Work to be completed
Note how many lines of the data below hold the word "linarith", then give that number with no other text.

Saved entries:
===============

lemma rk_le_weight:
  fixes x :: "nat \<Rightarrow> 'k::{field,finite}"
  assumes "is_subfield F"
  shows "rk F n x \<le> card {i. i < n \<and> x i \<noteq> 0}"
proof -
  let ?J = "{i. i < n \<and> x i \<noteq> 0}"
  have "x i \<in> F_span F (x ` ?J)" if "i < n" for i
    using that F_span_superset[OF assms, of "x ` ?J"] F_subspace_F_span[OF assms, of "x ` ?J"]
    unfolding F_subspace_def by (cases "x i = 0") auto
  then have "card F ^ rk F n x \<le> card (F_span F (x ` ?J))"
    by (rule card_F_pow_rk_le[OF assms F_subspace_F_span[OF assms]])
  also have "\<dots> \<le> card F ^ card (x ` ?J)" by (rule card_F_span_le[OF assms])
  also have "\<dots> \<le> card F ^ card ?J"
    using card_subfield_ge_2[OF assms] by (intro power_increasing card_image_le) auto
  finally show ?thesis by (rule subfield_power_le_imp_le_exp[OF assms])
qed

lemma rk_le_length:
  fixes x :: "nat \<Rightarrow> 'k::{field,finite}"
  assumes "is_subfield F"
  shows "rk F n x \<le> n"
proof -
  have "card {i. i < n \<and> x i \<noteq> 0} \<le> card {..<n}" by (rule card_mono) auto
  then show ?thesis using rk_le_weight[OF assms, of n x] by simp
qed

lemma rk_add_le:
  fixes x y :: "nat \<Rightarrow> 'k::{field,finite}"
  assumes "is_subfield F"
  shows "rk F n (\<lambda>i. x i + y i) \<le> rk F n x + rk F n y"
proof -
  let ?X = "F_span F {x i | i. i < n}" and ?Y = "F_span F {y i | i. i < n}"
  have "card F ^ rk F n (\<lambda>i. x i + y i) \<le> card (?X + ?Y)"
  proof (rule card_F_pow_rk_le[OF assms])
    show "F_subspace F (?X + ?Y)" by (intro F_subspace_set_plus F_subspace_F_span assms)
    fix i assume "i < n"
    then have "x i \<in> ?X" "y i \<in> ?Y" by (simp_all add: coordinate_in_F_span[OF assms])
    then show "x i + y i \<in> ?X + ?Y" by (rule set_plus_intro)
  qed
  also have "\<dots> \<le> card ?X * card ?Y" by (rule card_set_plus_le)
  also have "\<dots> = card F ^ (rk F n x + rk F n y)" by (simp add: card_F_span_rk[OF assms] power_add)
  finally show ?thesis by (rule subfield_power_le_imp_le_exp[OF assms])
qed

lemma rk_vecmat_le:
  fixes a :: "nat \<Rightarrow> 'k::{field,finite}"
  assumes "is_subfield F" "mat_over F r n M"
  shows "rk F n (vecmat r n a M) \<le> rk F r a"
proof (rule rk_le_of_span_subset[OF assms(1)])
  fix j assume "j < n"
  have "(\<Sum>i<r. M i j * a i) \<in> F_span F {a i | i. i < r}"
    using assms(2) \<open>j < n\<close> coordinate_in_F_span[OF assms(1)] unfolding mat_over_def
    by (intro F_subspace_lincomb[OF F_subspace_F_span[OF assms(1)]]) auto
  then show "vecmat r n a M j \<in> F_span F {a i | i. i < r}"
    using \<open>j < n\<close> by (simp add: vecmat_def mult.commute)
qed

lemma exists_pair_rk_diff_le:
  fixes A :: "(nat \<Rightarrow> 'k::{field,finite}) set"
  assumes "is_subfield F" "card (UNIV :: 'k set) ^ j < card A"
  shows "\<exists>a\<in>A. \<exists>a'\<in>A. a \<noteq> a' \<and> rk F v (\<lambda>i. a i - a' i) \<le> v - j"
proof -
  let ?p = "\<lambda>a. restrict a {..<j}"
  have "card (?p ` A) \<le> card ({..<j} \<rightarrow>\<^sub>E (UNIV :: 'k set))"
    by (intro card_mono finite_PiE image_subsetI) (simp_all add: restrict_PiE_iff)
  also have "\<dots> = card (UNIV :: 'k set) ^ j" by (simp add: card_funcsetE)
  finally have "\<not> inj_on ?p A" using assms(2) card_image by fastforce
  then obtain a a' where aa': "a \<in> A" "a' \<in> A" "a \<noteq> a'" "?p a = ?p a'"
    unfolding inj_on_def by blast
  have "a i = a' i" if "i < j" for i using fun_cong[OF aa'(4), of i] that by simp
  then have "{i. i < v \<and> a i - a' i \<noteq> 0} \<subseteq> {j..<v}" by (auto simp: not_less[symmetric])
  then have "card {i. i < v \<and> a i - a' i \<noteq> 0} \<le> v - j"
    using card_mono[of "{j..<v}"] by fastforce
  then have "rk F v (\<lambda>i. a i - a' i) \<le> v - j"
    using rk_le_weight[OF assms(1), of v "\<lambda>i. a i - a' i"] by linarith
  then show ?thesis using aa'(1-3) by blast
qed

lemma finite_rank_distances:
  fixes C :: "(nat \<Rightarrow> 'k::{field,finite}) set"
  assumes "is_subfield F"
  shows "finite {rk F n (\<lambda>i. c i - d i) | c d. c \<in> C \<and> d \<in> C \<and> c \<noteq> d}"
  by (rule finite_subset[of _ "{..n}"]) (auto simp: rk_le_length[OF assms])

lemma min_rank_dist_le_rk:
  fixes C :: "(nat \<Rightarrow> 'k::{field,finite}) set"
  assumes "is_subfield F" "c \<in> C" "d \<in> C" "c \<noteq> d"
  shows "min_rank_dist F n C \<le> rk F n (\<lambda>i. c i - d i)"
  unfolding min_rank_dist_def
  by (rule Min_le[OF finite_rank_distances[OF assms(1)]]) (use assms in blast)

lemma le_min_rank_dist:
  fixes C :: "(nat \<Rightarrow> 'k::{field,finite}) set"
  assumes "is_subfield F" "1 < card C"
    and "\<And>c d. c \<in> C \<Longrightarrow> d \<in> C \<Longrightarrow> c \<noteq> d \<Longrightarrow> \<delta> \<le> rk F n (\<lambda>i. c i - d i)"
  shows "\<delta> \<le> min_rank_dist F n C"
proof -
  have "finite C" using assms(2) by (rule card_ge_0_finite[OF less_trans[OF zero_less_one]])
  then obtain c d where "c \<in> C" "d \<in> C" "c \<noteq> d"
    using assms(2) card_le_Suc0_iff_eq[of C] by fastforce
  then have "{rk F n (\<lambda>i. c i - d i) | c d. c \<in> C \<and> d \<in> C \<and> c \<noteq> d} \<noteq> {}" by blast
  then show ?thesis
    unfolding min_rank_dist_def
  proof (rule Min_ge_iff[OF finite_rank_distances[OF assms(1)], THEN iffD2, rule_format])
    show "\<delta> \<le> y" if "y \<in> {rk F n (\<lambda>i. c i - d i) | c d. c \<in> C \<and> d \<in> C \<and> c \<noteq> d}" for y
      using that assms(3) by blast
  qed
qed

lemma min_rank_dist_singleton_bound:
  fixes A :: "(nat \<Rightarrow> 'k::{field,finite}) set"
  assumes "is_subfield F" "card (UNIV :: 'k set) ^ j < card A"
  shows "min_rank_dist F v A \<le> v - j"
proof -
  obtain a a' where "a \<in> A" "a' \<in> A" "a \<noteq> a'" "rk F v (\<lambda>i. a i - a' i) \<le> v - j"
    using exists_pair_rk_diff_le[OF assms] by blast
  then show ?thesis using min_rank_dist_le_rk[OF assms(1), of a A a' v] by linarith
qed

lemma sum_lessThan_split:
  fixes f :: "nat \<Rightarrow> 'a::comm_monoid_add"
  assumes "v \<le> n"
  shows "(\<Sum>i<n. f i) = (\<Sum>i<v. f i) + (\<Sum>i<n - v. f (i + v))"
proof -
  have "(\<Sum>i<n. f i) = sum f {0..<v} + sum f {0 + v..<(n - v) + v}"
    using sum.atLeastLessThan_concat[of 0 v n f] assms by (simp add: atLeast0LessThan)
  also have "\<dots> = (\<Sum>i<v. f i) + (\<Sum>i<n - v. f (i + v))"
    by (simp only: sum.shift_bounds_nat_ivl atLeast0LessThan)
  finally show ?thesis .
qed

lemma vecmat_stack:
  fixes y :: "nat \<Rightarrow> 'k::comm_ring_1"
  assumes "v \<le> n"
  shows "vecmat n n y (stack v B Bbar) j = vecmat v n y B j + vecmat (n - v) n (\<lambda>i. y (i + v)) Bbar j"
  unfolding vecmat_def stack_def sum_lessThan_split[OF assms] by simp

lemma vecmat_right_inverse:
  fixes y :: "nat \<Rightarrow> 'k::comm_ring_1"
  assumes "\<forall>i<n. \<forall>j<n. mat_mult n S N i j = (if i = j then 1 else 0)" "t < n"
  shows "vecmat n n (vecmat n n y S) N t = y t"
proof -
  have "vecmat n n (vecmat n n y S) N t = (\<Sum>j<n. \<Sum>i<n. y i * (S i j * N j t))"
    using assms(2) by (simp add: vecmat_def sum_distrib_right mult.assoc)
  also have "\<dots> = (\<Sum>i<n. y i * mat_mult n S N i t)"
    unfolding mat_mult_def sum_distrib_left by (rule sum.swap)
  also have "\<dots> = (\<Sum>i<n. if i = t then y i else 0)"
    using assms by (intro sum.cong) auto
  also have "\<dots> = y t" using assms(2) by (simp add: sum.delta)
  finally show ?thesis .
qed

lemma stack_decomposition_exists:
  fixes x :: "nat \<Rightarrow> 'k::comm_ring_1"
  assumes "v \<le> n" "invertible_over F n (stack v B Bbar)" "x \<in> vecs n"
  shows "\<exists>a\<in>vecs v. \<exists>b\<in>vecs (n - v). \<forall>j. x j = vecmat v n a B j + vecmat (n - v) n b Bbar j"
proof -
  obtain N where N: "\<forall>i<n. \<forall>j<n. mat_mult n N (stack v B Bbar) i j = (if i = j then 1 else 0)"
    using assms(2) unfolding invertible_over_def by blast
  define y where "y = vecmat n n x N"
  define a where "a i = (if i < v then y i else 0)" for i
  define b where "b i = (if i < n - v then y (i + v) else 0)" for i
  have "x j = vecmat v n a B j + vecmat (n - v) n b Bbar j" for j
  proof (cases "j < n")
    case True
    have "x j = vecmat n n y (stack v B Bbar) j"
      unfolding y_def by (rule vecmat_right_inverse[OF N True, symmetric])
    also have "\<dots> = vecmat v n a B j + vecmat (n - v) n b Bbar j"
      unfolding vecmat_stack[OF assms(1)] by (simp add: vecmat_def a_def b_def)
    finally show ?thesis .
  qed (use assms(3) in \<open>simp add: vecs_def vecmat_def\<close>)
  moreover have "a \<in> vecs v" "b \<in> vecs (n - v)" by (simp_all add: vecs_def a_def b_def)
  ultimately show ?thesis by blast
qed

lemma stack_decomposition_unique:
  fixes a a' :: "nat \<Rightarrow> 'k::comm_ring_1"
  assumes "v \<le> n" "invertible_over F n (stack v B Bbar)" "a \<in> vecs v" "a' \<in> vecs v"
    and "\<And>j. vecmat v n a B j + vecmat (n - v) n b Bbar j
            = vecmat v n a' B j + vecmat (n - v) n b' Bbar j"
  shows "a = a'"
proof
  obtain N where N: "\<forall>i<n. \<forall>j<n. mat_mult n (stack v B Bbar) N i j = (if i = j then 1 else 0)"
    using assms(2) unfolding invertible_over_def by blast
  define y where "y i = (if i < v then a i else b (i - v))" for i
  define y' where "y' i = (if i < v then a' i else b' (i - v))" for i
  have "vecmat n n y (stack v B Bbar) = vecmat n n y' (stack v B Bbar)"
  proof
    fix j
    show "vecmat n n y (stack v B Bbar) j = vecmat n n y' (stack v B Bbar) j"
      unfolding vecmat_stack[OF assms(1)] using assms(5)[of j]
      by (cases "j < n") (simp_all add: vecmat_def y_def y'_def)
  qed
  then have y_eq: "y t = y' t" if "t < n" for t
    using vecmat_right_inverse[OF N that] by metis
  show "a i = a' i" for i
    using y_eq[of i] assms(1,3,4) by (cases "i < v") (auto simp: y_def y'_def vecs_def)
qed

===============

Final answer
2